▸ What needs to be done: Two lines below mark the span: the one containing "(scaleC c x) y" and the one containing "sqrt (Re (cinner". Set down both, plus every line between, exactly as they stand, and nothing else.

····················

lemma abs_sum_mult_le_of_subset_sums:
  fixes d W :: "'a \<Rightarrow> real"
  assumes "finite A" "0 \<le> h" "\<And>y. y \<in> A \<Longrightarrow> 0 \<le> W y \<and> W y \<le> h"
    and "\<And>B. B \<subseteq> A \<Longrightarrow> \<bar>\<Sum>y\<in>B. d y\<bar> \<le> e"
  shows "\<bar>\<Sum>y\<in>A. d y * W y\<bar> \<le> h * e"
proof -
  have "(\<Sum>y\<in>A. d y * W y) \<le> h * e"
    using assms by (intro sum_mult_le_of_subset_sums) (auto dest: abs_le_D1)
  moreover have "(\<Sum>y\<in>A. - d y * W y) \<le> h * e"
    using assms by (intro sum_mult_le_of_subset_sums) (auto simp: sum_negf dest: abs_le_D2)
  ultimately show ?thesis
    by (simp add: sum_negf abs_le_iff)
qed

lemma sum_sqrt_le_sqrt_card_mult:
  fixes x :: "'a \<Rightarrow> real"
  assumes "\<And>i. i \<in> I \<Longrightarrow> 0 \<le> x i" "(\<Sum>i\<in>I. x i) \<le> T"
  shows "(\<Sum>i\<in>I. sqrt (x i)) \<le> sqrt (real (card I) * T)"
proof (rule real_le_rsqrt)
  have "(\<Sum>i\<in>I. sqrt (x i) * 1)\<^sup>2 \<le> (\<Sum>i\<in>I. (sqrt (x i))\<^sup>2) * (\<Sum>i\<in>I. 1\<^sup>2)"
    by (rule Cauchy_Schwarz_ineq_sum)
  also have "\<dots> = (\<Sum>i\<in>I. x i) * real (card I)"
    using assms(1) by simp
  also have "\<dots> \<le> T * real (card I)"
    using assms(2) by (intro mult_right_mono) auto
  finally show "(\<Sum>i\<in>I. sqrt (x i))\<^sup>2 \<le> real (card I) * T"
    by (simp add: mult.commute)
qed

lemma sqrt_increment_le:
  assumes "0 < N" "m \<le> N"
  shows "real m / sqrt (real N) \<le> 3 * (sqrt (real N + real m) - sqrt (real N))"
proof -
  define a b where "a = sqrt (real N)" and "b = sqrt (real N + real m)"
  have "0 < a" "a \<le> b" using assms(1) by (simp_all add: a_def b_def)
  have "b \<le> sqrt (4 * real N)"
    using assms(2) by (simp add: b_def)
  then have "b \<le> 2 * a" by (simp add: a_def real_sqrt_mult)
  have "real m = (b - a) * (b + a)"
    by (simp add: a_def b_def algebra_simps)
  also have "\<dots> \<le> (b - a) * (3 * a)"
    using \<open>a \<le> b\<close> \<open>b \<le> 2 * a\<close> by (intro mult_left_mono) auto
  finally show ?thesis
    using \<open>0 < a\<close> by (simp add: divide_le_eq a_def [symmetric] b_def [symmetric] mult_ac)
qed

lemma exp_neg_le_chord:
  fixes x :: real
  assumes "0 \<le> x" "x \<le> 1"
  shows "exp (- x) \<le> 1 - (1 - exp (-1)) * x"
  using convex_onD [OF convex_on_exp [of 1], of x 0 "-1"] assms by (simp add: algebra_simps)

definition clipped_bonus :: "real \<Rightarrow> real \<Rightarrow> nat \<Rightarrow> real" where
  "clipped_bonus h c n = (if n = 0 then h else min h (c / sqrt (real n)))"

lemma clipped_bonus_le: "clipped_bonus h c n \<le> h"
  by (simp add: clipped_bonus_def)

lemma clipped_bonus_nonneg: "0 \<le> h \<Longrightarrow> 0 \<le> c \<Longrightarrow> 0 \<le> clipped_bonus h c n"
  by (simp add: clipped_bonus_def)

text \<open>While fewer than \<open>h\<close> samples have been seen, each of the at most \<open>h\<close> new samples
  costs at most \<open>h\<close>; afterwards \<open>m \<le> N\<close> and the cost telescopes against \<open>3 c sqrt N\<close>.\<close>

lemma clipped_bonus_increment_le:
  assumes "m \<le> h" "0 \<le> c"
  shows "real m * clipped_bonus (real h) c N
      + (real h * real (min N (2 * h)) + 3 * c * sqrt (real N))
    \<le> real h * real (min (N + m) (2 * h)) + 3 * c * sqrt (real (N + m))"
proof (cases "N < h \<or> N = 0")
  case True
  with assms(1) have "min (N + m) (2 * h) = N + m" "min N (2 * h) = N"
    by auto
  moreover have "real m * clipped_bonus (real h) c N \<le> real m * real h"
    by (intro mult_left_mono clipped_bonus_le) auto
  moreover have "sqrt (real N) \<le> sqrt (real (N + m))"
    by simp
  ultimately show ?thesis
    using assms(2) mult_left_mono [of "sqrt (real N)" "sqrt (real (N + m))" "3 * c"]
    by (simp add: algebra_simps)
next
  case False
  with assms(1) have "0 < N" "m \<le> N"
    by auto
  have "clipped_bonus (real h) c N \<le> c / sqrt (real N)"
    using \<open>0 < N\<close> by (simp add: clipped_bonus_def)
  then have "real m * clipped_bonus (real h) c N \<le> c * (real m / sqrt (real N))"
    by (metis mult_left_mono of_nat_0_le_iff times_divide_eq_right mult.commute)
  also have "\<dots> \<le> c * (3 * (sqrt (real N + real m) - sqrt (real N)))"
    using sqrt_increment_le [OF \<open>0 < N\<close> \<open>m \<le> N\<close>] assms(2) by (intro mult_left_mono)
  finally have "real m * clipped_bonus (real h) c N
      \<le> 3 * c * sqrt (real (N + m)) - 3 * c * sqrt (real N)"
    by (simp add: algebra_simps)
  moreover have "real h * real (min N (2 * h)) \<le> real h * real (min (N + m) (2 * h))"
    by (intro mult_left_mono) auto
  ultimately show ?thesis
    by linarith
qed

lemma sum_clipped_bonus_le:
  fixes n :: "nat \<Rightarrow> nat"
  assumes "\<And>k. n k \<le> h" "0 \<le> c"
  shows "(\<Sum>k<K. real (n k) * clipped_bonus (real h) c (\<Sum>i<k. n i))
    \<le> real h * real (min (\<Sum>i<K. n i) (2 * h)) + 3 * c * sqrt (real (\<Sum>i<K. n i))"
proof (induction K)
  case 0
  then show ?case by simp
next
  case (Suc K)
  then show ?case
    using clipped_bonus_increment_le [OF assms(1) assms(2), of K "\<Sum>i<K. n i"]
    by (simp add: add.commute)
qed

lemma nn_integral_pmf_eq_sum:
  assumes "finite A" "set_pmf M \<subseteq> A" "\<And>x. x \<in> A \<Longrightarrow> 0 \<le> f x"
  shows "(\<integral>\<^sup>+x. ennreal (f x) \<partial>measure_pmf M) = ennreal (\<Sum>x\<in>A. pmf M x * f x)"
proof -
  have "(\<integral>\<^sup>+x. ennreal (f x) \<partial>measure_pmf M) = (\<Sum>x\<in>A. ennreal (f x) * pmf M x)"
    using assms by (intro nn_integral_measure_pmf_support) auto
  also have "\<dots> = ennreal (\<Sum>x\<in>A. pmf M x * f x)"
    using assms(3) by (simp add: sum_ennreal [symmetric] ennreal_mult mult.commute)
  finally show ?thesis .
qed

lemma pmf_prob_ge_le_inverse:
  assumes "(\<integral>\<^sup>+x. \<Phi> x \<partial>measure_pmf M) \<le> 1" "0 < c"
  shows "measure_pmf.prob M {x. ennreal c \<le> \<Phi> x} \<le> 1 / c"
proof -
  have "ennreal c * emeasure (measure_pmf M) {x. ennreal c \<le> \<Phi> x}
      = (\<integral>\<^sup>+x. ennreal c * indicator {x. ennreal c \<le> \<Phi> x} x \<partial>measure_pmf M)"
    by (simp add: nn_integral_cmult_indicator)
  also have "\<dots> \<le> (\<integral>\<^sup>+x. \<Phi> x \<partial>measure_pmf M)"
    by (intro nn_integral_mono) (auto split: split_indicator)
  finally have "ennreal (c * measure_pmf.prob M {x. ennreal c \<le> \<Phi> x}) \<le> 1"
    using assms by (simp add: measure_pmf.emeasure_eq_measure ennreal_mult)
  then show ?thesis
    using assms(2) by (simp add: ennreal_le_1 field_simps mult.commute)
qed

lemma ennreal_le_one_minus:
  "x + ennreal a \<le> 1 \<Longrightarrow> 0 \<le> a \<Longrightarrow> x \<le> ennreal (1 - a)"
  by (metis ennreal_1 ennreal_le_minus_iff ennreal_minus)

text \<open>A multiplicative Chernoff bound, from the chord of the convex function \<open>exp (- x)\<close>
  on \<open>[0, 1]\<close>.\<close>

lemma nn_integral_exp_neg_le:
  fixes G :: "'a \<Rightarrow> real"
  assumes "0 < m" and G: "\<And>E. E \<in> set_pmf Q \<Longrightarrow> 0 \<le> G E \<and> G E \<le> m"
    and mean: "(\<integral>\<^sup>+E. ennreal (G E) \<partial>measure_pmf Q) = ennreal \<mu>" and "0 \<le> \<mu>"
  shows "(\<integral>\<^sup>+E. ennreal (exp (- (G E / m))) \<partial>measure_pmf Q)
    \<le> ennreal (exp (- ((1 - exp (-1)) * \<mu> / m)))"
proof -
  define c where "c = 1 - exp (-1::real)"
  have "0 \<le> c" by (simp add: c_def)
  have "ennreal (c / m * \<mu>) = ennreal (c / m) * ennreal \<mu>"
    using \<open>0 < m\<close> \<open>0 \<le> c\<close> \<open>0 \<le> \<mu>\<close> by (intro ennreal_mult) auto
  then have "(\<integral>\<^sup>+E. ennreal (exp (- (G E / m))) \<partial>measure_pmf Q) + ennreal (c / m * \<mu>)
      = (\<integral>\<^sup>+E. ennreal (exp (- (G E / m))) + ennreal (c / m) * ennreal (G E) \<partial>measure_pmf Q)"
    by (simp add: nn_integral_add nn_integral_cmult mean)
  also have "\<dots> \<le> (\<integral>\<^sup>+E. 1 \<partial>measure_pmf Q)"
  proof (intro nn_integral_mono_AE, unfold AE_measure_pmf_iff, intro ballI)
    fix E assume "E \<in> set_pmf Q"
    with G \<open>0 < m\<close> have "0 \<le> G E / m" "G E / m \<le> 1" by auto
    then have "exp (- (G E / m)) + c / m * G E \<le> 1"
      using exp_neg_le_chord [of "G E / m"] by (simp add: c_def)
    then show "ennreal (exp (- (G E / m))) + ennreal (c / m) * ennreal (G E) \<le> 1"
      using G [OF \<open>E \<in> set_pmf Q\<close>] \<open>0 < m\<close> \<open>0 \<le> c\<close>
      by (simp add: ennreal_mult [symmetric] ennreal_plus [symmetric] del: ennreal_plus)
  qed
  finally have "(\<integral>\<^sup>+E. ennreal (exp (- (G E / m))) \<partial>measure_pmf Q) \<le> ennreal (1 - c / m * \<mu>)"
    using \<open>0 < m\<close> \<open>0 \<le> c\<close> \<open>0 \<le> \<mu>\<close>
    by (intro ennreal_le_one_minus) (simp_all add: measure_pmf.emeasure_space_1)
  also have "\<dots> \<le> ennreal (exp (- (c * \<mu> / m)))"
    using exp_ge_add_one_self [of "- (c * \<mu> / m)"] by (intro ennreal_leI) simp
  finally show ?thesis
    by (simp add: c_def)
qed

····················

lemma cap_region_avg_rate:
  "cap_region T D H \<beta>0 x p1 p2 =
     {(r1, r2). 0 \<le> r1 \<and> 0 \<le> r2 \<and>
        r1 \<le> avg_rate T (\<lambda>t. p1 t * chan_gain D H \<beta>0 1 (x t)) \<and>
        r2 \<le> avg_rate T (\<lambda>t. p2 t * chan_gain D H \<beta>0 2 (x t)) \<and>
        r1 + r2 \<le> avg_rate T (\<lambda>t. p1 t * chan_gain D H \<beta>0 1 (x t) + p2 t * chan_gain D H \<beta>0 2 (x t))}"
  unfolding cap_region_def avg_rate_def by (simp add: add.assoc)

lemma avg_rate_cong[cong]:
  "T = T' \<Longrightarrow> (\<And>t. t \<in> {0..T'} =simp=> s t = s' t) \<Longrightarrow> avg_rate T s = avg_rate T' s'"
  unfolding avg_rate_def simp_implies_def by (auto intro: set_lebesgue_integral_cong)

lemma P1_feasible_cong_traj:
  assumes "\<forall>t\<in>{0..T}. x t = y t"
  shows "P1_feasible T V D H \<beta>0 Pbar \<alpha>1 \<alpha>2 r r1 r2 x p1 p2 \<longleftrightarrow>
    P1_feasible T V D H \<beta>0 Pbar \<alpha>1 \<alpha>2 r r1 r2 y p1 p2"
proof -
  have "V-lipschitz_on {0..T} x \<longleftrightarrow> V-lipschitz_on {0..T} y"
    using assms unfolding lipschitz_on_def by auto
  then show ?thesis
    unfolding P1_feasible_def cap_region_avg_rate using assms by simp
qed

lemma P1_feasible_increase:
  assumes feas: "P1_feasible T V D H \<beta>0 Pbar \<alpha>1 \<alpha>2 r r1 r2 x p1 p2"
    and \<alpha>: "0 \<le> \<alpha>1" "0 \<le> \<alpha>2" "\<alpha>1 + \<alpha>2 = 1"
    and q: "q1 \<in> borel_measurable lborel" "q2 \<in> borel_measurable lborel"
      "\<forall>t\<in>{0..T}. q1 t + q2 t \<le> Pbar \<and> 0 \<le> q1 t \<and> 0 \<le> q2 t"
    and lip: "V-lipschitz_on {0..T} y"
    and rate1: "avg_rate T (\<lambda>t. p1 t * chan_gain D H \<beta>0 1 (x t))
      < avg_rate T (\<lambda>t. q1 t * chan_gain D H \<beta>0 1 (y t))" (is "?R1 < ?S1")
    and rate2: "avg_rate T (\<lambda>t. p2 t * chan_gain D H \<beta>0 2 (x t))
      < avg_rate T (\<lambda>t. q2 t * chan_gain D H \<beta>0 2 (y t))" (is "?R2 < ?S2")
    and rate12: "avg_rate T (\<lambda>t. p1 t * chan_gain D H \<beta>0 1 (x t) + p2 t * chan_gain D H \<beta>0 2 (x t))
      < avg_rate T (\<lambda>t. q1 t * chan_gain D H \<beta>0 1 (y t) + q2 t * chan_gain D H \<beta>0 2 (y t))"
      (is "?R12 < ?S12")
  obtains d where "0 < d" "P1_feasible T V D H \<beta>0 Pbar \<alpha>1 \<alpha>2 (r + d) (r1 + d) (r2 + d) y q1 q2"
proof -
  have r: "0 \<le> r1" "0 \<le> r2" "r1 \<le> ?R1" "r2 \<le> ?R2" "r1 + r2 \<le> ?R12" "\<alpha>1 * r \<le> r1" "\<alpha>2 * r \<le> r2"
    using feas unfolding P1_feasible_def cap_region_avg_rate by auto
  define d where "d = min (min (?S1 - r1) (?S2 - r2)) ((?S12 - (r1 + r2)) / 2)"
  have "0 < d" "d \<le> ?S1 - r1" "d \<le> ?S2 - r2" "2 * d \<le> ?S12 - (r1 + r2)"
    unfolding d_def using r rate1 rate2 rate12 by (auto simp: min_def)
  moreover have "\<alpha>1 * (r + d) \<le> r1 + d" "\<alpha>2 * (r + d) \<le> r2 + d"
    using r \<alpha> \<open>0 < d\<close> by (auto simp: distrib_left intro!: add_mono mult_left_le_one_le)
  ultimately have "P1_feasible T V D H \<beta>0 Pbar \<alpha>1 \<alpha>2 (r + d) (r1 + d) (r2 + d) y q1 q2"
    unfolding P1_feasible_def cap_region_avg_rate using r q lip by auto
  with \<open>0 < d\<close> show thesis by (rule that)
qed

····················

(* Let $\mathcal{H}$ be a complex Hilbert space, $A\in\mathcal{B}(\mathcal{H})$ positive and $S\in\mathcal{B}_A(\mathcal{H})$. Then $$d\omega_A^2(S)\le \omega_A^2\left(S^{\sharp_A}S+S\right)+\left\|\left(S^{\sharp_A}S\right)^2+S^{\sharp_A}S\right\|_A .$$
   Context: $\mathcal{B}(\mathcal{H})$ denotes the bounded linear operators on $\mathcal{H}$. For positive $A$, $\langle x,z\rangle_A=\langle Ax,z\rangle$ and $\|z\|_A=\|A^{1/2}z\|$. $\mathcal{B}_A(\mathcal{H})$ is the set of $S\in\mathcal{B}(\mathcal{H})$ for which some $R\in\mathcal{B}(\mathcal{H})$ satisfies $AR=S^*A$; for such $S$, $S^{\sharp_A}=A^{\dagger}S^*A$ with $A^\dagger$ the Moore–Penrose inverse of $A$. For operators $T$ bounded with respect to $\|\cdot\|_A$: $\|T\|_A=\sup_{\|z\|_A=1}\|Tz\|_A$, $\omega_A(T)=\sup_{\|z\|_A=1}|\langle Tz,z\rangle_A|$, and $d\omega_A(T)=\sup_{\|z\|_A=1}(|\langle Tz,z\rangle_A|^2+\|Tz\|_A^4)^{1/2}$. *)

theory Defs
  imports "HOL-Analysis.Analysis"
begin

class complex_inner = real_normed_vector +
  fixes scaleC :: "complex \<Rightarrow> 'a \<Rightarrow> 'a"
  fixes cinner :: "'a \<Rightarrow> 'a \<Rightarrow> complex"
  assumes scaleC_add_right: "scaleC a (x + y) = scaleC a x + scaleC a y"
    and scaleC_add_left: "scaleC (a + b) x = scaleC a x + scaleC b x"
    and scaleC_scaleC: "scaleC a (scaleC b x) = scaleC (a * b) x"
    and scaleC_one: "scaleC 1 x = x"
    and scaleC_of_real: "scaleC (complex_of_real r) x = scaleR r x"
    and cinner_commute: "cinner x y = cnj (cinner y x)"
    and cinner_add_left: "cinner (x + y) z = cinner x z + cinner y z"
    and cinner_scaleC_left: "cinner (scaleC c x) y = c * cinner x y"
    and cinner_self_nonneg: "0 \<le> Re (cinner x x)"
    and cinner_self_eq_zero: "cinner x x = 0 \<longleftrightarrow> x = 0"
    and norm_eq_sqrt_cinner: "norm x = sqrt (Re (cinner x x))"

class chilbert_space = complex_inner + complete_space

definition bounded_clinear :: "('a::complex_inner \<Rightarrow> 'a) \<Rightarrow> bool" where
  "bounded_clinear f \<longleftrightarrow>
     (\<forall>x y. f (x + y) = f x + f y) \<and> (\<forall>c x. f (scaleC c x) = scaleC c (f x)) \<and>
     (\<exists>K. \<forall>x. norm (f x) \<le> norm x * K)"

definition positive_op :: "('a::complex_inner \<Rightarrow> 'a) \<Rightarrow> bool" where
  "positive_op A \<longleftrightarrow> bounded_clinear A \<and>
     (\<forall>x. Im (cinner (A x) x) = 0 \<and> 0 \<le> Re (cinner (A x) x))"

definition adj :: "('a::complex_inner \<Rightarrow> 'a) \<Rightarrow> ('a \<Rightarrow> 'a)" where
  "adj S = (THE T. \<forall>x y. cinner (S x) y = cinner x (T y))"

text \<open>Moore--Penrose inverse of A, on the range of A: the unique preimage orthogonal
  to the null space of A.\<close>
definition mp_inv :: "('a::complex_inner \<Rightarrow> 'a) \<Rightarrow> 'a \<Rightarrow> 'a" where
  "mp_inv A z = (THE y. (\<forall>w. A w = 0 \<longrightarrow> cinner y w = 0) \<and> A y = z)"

····················

▸ Answer to the exercise:
    and cinner_scaleC_left: "cinner (scaleC c x) y = c * cinner x y"
    and cinner_self_nonneg: "0 \<le> Re (cinner x x)"
    and cinner_self_eq_zero: "cinner x x = 0 \<longleftrightarrow> x = 0"
    and norm_eq_sqrt_cinner: "norm x = sqrt (Re (cinner x x))"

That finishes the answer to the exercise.